Reno stood and dusted himself off. He coughed violently and spat out a globule of green slime that any forty-a-day-smoker would have been proud of.
"I don't give a shit. I'm just doing my job, and before you say it, I don't care if it makes me the bad guy." He stood to face his partner and tapped his temple. "In my head, I'm doing the right thing. I could bust into Santa's workshop, murder all of his elves and still believe I was doing the right thing because I've been programmed that way. Isn't that how murderers and suicide bombers justify their actions?" He moved his head within inches of Rude's. "How about people who want to put explosives in Mako Reactors? How do they justify it, huh?

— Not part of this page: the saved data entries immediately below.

(* Let $n\geq 1$, let $\alpha,\beta,d\in\mathbb{Z}$ with $1\leq d\leq n$, and consider the complete graph $K_n$ with an initial configuration $c_0$ in which $d$ of the vertices receive $\alpha$ chips and the remaining $n-d$ vertices receive $\beta$ chips. Then this configuration is tight, i.e. there exists $t\geq 0$ with $c_{t+2}=c_t$.
   Context: Diffusion process: for a finite simple graph $G$ and a chip configuration $c_t:V(G)\to\mathbb{Z}$ (negative values allowed), the next configuration is defined simultaneously for every vertex $u$ by $c_{t+1}(u)=c_t(u)-|\{w\in N(u): c_t(u)>c_t(w)\}|+|\{w\in N(u): c_t(u)<c_t(w)\}|$. A graph with initial configuration is tight if the process is eventually fixed or eventually periodic with period length $2$, equivalently $c_{t+2}=c_t$ for some $t\geq0$. *)

theory Defs
  imports Main
begin

text \<open>A finite simple graph is given by a finite vertex set V and a symmetric,
irreflexive adjacency relation E.  Configurations are functions into int
(values outside V are irrelevant).\<close>

definition neighbours :: "'a set \<Rightarrow> ('a \<Rightarrow> 'a \<Rightarrow> bool) \<Rightarrow> 'a \<Rightarrow> 'a set" where
  "neighbours V E u = {w \<in> V. E u w}"

definition diffusion_step :: "'a set \<Rightarrow> ('a \<Rightarrow> 'a \<Rightarrow> bool) \<Rightarrow> ('a \<Rightarrow> int) \<Rightarrow> ('a \<Rightarrow> int)" where
  "diffusion_step V E c = (\<lambda>u. c u
      - int (card {w \<in> neighbours V E u. c u > c w})
      + int (card {w \<in> neighbours V E u. c u < c w}))"

definition diffusion :: "'a set \<Rightarrow> ('a \<Rightarrow> 'a \<Rightarrow> bool) \<Rightarrow> ('a \<Rightarrow> int) \<Rightarrow> nat \<Rightarrow> ('a \<Rightarrow> int)" where
  "diffusion V E c0 t = (diffusion_step V E ^^ t) c0"

definition tight :: "'a set \<Rightarrow> ('a \<Rightarrow> 'a \<Rightarrow> bool) \<Rightarrow> ('a \<Rightarrow> int) \<Rightarrow> bool" where
  "tight V E c0 \<longleftrightarrow> (\<exists>t. \<forall>v\<in>V. diffusion V E c0 (t + 2) v = diffusion V E c0 t v)"

definition complete_adj :: "nat \<Rightarrow> nat \<Rightarrow> bool" where
  "complete_adj u v \<longleftrightarrow> u \<noteq> v"

end

theory Submission
  imports Defs
begin

text \<open>On a complete graph, a configuration taking a value \<open>a\<close> on a set \<open>D\<close> of \<open>k\<close> vertices and
a value \<open>b\<close> on the remaining \<open>m\<close> vertices stays of this shape: every vertex of \<open>D\<close> compares
itself with the \<open>m\<close> others, every other vertex with the \<open>k\<close> vertices of \<open>D\<close>. So the process
reduces to a map on the pair \<open>(a, b)\<close>, which moves the two values towards each other by
\<open>k + m\<close> in total. Once \<open>\<bar>a - b\<bar> < k + m\<close> the values overshoot and the next step undoes
this, so the process becomes periodic with period at most 2.\<close>

definition two_level_config :: "'a set \<Rightarrow> int \<times> int \<Rightarrow> 'a \<Rightarrow> int" where
  "two_level_config D p = (\<lambda>v. if v \<in> D then fst p else snd p)"

definition two_level_step :: "nat \<Rightarrow> nat \<Rightarrow> int \<times> int \<Rightarrow> int \<times> int" where
  "two_level_step k m = (\<lambda>(a, b).
     if a > b then (a - int m, b + int k)
     else if a < b then (a + int m, b - int k) else (a, b))"

lemma diffusion_step_complete_two_level:
  assumes "finite V" and "D \<subseteq> V"
    and c: "\<And>v. v \<in> V \<Longrightarrow> c v = two_level_config D p v"
    and v: "v \<in> V"
  shows "diffusion_step V complete_adj c v
         = two_level_config D (two_level_step (card D) (card (V - D)) p) v"
proof -
  obtain a b where p: "p = (a, b)" by (cases p)
  have nb: "neighbours V complete_adj v = V - {v}"
    unfolding neighbours_def complete_adj_def by auto
  show ?thesis
  proof (cases "v \<in> D")
    case True
    have below: "{w \<in> V - {v}. c v > c w} = (if a > b then V - D else {})"
      and above: "{w \<in> V - {v}. c v < c w} = (if a < b then V - D else {})"
      using c v True by (auto simp: p two_level_config_def)
    show ?thesis
      unfolding diffusion_step_def nb below above
      using c[OF v] True by (simp add: p two_level_config_def two_level_step_def)
  next
    case False
    have below: "{w \<in> V - {v}. c v > c w} = (if b > a then D else {})"
      and above: "{w \<in> V - {v}. c v < c w} = (if b < a then D else {})"
      using c v False \<open>D \<subseteq> V\<close> by (auto simp: p two_level_config_def split: if_splits)
    show ?thesis
      unfolding diffusion_step_def nb below above
      using c[OF v] False by (simp add: p two_level_config_def two_level_step_def)
  qed
qed

lemma diffusion_complete_two_level:
  assumes "finite V" and "D \<subseteq> V"
    and c0: "\<And>v. v \<in> V \<Longrightarrow> c0 v = two_level_config D p v"
    and "v \<in> V"
  shows "diffusion V complete_adj c0 t v
         = two_level_config D ((two_level_step (card D) (card (V - D)) ^^ t) p) v"
  using \<open>v \<in> V\<close>
proof (induction t arbitrary: v)
  case 0
  then show ?case using c0 by (simp add: diffusion_def)
next
  case (Suc t)
  then show ?case
    using diffusion_step_complete_two_level[OF assms(1,2) Suc.IH]
    by (simp add: diffusion_def)
qed

lemma two_level_step_twice:
  assumes "\<bar>a - b\<bar> < int (k + m)"
  shows "(two_level_step k m ^^ 2) (a, b) = (a, b)"
  using assms by (auto simp: two_level_step_def numeral_2_eq_2)

lemma two_level_step_gap_decreases:
  assumes "0 < k + m" and "int (k + m) \<le> \<bar>a - b\<bar>"
  shows "\<bar>fst (two_level_step k m (a, b)) - snd (two_level_step k m (a, b))\<bar> < \<bar>a - b\<bar>"
  using assms by (auto simp: two_level_step_def)

lemma two_level_step_eventually_periodic:
  assumes "0 < k + m"
  shows "\<exists>t. (two_level_step k m ^^ (t + 2)) p = (two_level_step k m ^^ t) p"
proof (induction "nat \<bar>fst p - snd p\<bar>" arbitrary: p rule: less_induct)
  case less
  obtain a b where p: "p = (a, b)" by (cases p)
  show ?case
  proof (cases "\<bar>a - b\<bar> < int (k + m)")
    case True
    then have "(two_level_step k m ^^ (0 + 2)) p = (two_level_step k m ^^ 0) p"
      using two_level_step_twice[OF True] by (simp add: p numeral_2_eq_2)
    then show ?thesis by blast
  next
    case False
    then have "nat \<bar>fst (two_level_step k m p) - snd (two_level_step k m p)\<bar> < nat \<bar>fst p - snd p\<bar>"
      using two_level_step_gap_decreases[OF assms, of a b] by (simp add: p)
    then obtain t where
      "(two_level_step k m ^^ (t + 2)) (two_level_step k m p)
       = (two_level_step k m ^^ t) (two_level_step k m p)"
      using less.hyps by blast
    then have "(two_level_step k m ^^ (Suc t + 2)) p = (two_level_step k m ^^ Suc t) p"
      by (simp only: funpow_Suc_right o_apply add_Suc)
    then show ?thesis by blast
  qed
qed

theorem theorem17:
  fixes n d :: nat and \<alpha> \<beta> :: int and D :: "nat set" and c0 :: "nat \<Rightarrow> int"
  assumes "n \<ge> 1" and "1 \<le> d" and "d \<le> n"
    and "D \<subseteq> {0..<n}" and "card D = d"
    and "\<And>v. v \<in> D \<Longrightarrow> c0 v = \<alpha>"
    and "\<And>v. v \<in> {0..<n} - D \<Longrightarrow> c0 v = \<beta>"
  shows "tight {0..<n} complete_adj c0"
proof -
  let ?f = "two_level_step (card D) (card ({0..<n} - D))"
  have c0: "c0 v = two_level_config D (\<alpha>, \<beta>) v" if "v \<in> {0..<n}" for v
    using assms(6,7) that by (auto simp: two_level_config_def)
  have "0 < card D + card ({0..<n} - D)"
    using assms(2,5) by simp
  from two_level_step_eventually_periodic[OF this]
  obtain t where t: "(?f ^^ (t + 2)) (\<alpha>, \<beta>) = (?f ^^ t) (\<alpha>, \<beta>)" ..
  have "diffusion {0..<n} complete_adj c0 (t + 2) v = diffusion {0..<n} complete_adj c0 t v"
    if "v \<in> {0..<n}" for v
    using diffusion_complete_two_level[OF _ assms(4) c0 that, of "t + 2"]
      diffusion_complete_two_level[OF _ assms(4) c0 that, of t]
    by (simp only: t finite_atLeastLessThan simp_thms)
  then show ?thesis
    unfolding tight_def by blast
qed

end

"Don't tell me this woman is all innocent just because she's got a pretty smile and a sweet demeanour. I know it took me this long to figure it out, but that unstable perception was a lot easier to define when I focussed on her bad qualities instead of trying desperately to find the good ones. Yeah, she's cute and sweet, but how can someone so cute and sweet also be a murderer? Look at me. I'm selfish and sleazy and arrogant – the fact that I'm also a killer seems to make perfect sense. Look at you. You're stoic and aggressive and cold. The prospect of ending another person's life should have that effect on you. It's a healthy reaction to an unhealthy occupation.
"Deep down inside, she's just as bad as we are. She's a bad guy. She's a villain. She's a vulture, just like us, yo."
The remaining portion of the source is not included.